=== Section Start ===

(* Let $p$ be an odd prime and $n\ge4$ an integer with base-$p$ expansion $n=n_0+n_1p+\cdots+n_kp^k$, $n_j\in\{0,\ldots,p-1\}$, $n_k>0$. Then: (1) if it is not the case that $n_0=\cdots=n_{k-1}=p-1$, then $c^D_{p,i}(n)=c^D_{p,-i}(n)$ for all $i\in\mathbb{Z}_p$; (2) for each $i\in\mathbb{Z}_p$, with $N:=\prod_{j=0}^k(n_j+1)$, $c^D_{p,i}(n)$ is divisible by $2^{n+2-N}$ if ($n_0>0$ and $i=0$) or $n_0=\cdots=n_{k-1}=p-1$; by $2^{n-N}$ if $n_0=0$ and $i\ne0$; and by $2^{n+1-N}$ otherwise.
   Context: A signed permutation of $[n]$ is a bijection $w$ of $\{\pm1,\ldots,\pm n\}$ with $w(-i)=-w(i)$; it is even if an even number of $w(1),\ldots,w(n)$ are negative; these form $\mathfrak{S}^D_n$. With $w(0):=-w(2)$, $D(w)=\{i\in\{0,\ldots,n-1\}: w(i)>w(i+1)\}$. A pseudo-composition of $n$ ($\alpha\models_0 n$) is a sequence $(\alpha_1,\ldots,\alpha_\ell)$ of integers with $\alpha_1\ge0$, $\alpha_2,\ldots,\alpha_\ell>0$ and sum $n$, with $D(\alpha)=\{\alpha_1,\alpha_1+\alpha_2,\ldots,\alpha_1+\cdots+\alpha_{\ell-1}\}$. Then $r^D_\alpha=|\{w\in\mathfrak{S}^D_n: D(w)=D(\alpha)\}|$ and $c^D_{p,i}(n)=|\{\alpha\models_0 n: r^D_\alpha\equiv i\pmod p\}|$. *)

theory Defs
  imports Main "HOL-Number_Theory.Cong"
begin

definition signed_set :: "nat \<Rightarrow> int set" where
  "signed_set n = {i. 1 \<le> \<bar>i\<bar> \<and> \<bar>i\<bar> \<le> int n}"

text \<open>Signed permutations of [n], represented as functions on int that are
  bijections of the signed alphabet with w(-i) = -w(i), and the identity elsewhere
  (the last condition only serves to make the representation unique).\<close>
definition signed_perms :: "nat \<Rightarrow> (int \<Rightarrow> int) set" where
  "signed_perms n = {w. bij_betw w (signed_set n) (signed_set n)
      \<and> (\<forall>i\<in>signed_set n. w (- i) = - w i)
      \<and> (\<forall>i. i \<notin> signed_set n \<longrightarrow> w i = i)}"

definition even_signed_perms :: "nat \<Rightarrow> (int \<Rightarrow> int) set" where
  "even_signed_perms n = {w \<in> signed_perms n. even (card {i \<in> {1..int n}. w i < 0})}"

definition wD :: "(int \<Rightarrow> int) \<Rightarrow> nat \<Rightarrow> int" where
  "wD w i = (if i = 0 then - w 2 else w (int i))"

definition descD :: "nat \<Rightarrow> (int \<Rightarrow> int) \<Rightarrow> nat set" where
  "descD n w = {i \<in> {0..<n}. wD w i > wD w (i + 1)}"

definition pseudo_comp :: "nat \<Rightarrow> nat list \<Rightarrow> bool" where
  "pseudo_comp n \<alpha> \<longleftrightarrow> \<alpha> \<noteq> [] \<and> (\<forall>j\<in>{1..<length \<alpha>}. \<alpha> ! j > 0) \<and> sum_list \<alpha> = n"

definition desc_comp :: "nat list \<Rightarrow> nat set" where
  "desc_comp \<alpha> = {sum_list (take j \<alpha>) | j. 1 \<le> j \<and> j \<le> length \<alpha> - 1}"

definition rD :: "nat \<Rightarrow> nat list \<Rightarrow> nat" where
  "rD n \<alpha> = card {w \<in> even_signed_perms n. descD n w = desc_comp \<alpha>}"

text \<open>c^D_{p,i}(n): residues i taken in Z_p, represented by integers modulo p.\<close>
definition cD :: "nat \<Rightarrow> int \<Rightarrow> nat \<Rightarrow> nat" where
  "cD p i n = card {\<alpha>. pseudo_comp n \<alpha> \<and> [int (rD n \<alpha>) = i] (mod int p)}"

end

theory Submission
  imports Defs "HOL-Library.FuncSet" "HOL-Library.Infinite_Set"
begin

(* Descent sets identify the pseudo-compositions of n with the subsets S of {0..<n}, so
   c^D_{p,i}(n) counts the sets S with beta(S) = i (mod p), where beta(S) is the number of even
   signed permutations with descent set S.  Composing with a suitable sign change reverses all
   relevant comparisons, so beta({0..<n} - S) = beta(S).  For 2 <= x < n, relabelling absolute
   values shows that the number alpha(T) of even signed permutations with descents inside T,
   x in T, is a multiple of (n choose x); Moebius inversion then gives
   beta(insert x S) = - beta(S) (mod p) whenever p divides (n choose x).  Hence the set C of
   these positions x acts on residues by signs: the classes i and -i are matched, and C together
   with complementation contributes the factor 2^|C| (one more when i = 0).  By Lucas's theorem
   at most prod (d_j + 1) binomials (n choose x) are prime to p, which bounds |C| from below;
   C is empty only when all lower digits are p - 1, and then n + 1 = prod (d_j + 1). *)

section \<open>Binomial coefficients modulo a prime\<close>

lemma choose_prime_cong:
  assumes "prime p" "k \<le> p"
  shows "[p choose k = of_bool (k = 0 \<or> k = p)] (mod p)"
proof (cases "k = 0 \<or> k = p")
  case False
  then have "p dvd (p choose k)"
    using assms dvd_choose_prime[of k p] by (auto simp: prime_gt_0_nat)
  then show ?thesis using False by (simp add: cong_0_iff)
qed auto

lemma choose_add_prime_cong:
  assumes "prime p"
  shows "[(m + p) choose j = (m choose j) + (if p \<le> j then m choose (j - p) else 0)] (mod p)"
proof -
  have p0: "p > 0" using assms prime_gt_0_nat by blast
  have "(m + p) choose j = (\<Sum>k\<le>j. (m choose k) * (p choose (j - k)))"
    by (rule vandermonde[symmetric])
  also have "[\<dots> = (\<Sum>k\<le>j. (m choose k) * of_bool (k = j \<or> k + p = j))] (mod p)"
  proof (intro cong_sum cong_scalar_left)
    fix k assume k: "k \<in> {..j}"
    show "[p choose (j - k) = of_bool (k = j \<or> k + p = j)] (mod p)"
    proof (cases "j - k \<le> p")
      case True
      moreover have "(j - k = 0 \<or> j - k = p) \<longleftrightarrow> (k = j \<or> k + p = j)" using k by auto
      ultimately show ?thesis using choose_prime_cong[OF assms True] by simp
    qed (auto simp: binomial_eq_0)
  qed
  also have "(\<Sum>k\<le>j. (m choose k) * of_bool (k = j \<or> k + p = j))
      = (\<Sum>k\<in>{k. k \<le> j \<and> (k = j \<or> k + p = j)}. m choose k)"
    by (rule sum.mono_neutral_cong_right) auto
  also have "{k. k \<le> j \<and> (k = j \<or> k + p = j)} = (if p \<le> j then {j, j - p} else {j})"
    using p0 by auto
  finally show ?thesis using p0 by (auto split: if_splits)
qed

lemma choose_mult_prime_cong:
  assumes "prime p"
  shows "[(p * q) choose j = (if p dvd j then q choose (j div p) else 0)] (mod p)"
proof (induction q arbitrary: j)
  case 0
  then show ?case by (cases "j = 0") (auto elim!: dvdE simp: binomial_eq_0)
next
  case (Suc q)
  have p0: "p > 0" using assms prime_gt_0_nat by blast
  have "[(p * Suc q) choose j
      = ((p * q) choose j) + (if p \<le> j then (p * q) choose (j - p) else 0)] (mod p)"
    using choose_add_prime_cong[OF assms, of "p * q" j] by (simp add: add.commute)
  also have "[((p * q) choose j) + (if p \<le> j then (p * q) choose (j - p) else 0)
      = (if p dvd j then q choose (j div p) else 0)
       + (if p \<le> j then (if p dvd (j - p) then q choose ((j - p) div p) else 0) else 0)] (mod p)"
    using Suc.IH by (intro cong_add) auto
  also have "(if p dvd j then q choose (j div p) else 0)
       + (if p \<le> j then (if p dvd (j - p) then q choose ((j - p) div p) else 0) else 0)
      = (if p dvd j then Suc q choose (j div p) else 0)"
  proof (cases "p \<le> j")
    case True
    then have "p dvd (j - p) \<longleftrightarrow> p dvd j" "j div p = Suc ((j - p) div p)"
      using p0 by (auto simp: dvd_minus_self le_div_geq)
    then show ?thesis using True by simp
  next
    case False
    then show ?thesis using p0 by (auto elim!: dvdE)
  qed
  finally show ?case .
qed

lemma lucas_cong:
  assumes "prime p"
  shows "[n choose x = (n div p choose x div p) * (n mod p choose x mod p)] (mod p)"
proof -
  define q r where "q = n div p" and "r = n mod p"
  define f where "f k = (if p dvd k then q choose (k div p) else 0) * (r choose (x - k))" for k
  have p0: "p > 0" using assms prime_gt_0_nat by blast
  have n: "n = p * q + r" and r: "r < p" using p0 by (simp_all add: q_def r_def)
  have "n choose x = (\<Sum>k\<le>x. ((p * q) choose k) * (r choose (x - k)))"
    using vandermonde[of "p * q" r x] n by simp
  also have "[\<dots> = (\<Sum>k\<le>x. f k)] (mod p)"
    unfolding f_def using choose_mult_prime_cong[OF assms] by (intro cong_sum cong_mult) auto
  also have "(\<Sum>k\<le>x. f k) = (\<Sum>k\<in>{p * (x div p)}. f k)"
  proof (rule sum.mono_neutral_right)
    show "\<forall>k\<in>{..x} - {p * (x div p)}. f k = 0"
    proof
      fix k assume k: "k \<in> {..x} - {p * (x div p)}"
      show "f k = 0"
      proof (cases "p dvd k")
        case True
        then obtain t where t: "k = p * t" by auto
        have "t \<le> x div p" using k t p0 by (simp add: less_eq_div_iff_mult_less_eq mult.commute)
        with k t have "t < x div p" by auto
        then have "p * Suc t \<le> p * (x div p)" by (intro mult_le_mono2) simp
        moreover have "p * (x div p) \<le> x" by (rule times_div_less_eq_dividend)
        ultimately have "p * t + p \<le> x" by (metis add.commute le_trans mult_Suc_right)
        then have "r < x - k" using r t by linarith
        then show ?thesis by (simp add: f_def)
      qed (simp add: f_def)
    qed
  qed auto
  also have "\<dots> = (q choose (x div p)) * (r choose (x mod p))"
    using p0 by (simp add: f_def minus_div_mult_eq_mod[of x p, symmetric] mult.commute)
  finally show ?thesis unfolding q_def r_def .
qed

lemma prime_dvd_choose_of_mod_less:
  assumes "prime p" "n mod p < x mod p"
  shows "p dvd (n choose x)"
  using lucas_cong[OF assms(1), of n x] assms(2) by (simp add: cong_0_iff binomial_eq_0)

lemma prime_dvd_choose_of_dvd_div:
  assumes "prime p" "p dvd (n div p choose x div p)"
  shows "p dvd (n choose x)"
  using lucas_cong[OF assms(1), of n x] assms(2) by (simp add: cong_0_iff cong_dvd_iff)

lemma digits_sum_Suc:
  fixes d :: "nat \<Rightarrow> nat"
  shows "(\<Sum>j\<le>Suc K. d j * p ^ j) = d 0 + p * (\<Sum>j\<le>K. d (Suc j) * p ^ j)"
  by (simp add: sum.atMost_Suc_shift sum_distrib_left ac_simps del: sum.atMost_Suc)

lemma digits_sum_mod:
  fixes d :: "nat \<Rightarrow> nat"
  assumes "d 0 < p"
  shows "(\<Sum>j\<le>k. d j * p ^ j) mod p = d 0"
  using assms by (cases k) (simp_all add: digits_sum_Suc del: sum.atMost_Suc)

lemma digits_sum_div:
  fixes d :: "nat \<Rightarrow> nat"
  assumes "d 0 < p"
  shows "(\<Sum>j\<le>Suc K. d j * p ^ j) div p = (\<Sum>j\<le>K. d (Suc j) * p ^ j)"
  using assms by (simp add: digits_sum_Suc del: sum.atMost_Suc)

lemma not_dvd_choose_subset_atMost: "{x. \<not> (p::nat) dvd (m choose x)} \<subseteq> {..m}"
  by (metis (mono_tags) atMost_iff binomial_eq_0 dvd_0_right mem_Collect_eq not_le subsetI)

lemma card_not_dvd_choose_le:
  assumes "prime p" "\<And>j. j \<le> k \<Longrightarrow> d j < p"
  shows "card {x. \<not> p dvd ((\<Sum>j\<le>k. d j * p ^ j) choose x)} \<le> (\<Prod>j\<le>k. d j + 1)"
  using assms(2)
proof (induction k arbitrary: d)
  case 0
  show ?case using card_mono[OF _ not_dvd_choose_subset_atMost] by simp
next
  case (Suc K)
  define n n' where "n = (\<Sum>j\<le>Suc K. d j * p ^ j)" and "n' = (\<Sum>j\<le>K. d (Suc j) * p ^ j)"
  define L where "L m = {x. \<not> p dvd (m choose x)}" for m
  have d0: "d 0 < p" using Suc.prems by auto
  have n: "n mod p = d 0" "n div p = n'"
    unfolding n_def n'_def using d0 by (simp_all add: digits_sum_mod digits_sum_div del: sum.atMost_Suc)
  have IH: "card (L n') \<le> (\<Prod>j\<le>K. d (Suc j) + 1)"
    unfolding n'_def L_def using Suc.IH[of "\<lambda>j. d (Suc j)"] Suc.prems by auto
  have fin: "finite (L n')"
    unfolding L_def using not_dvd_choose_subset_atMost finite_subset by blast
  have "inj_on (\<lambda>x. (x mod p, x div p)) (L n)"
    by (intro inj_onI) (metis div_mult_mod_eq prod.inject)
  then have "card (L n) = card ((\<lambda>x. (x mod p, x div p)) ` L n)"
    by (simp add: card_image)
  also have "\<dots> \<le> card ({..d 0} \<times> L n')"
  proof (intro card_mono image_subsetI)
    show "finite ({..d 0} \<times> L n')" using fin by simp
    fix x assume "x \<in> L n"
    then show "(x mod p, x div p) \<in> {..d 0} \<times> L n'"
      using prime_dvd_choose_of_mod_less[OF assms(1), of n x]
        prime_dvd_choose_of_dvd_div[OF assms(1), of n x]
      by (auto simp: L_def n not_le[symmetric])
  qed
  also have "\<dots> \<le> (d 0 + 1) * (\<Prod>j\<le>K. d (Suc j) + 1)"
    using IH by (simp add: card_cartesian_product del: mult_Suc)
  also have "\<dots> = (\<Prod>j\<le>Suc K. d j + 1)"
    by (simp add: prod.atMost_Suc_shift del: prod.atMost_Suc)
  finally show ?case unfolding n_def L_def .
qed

=== Section End ===

Examine the entries and report how many of their lines contain the string "lambda", giving no more than the number.

Task result:
3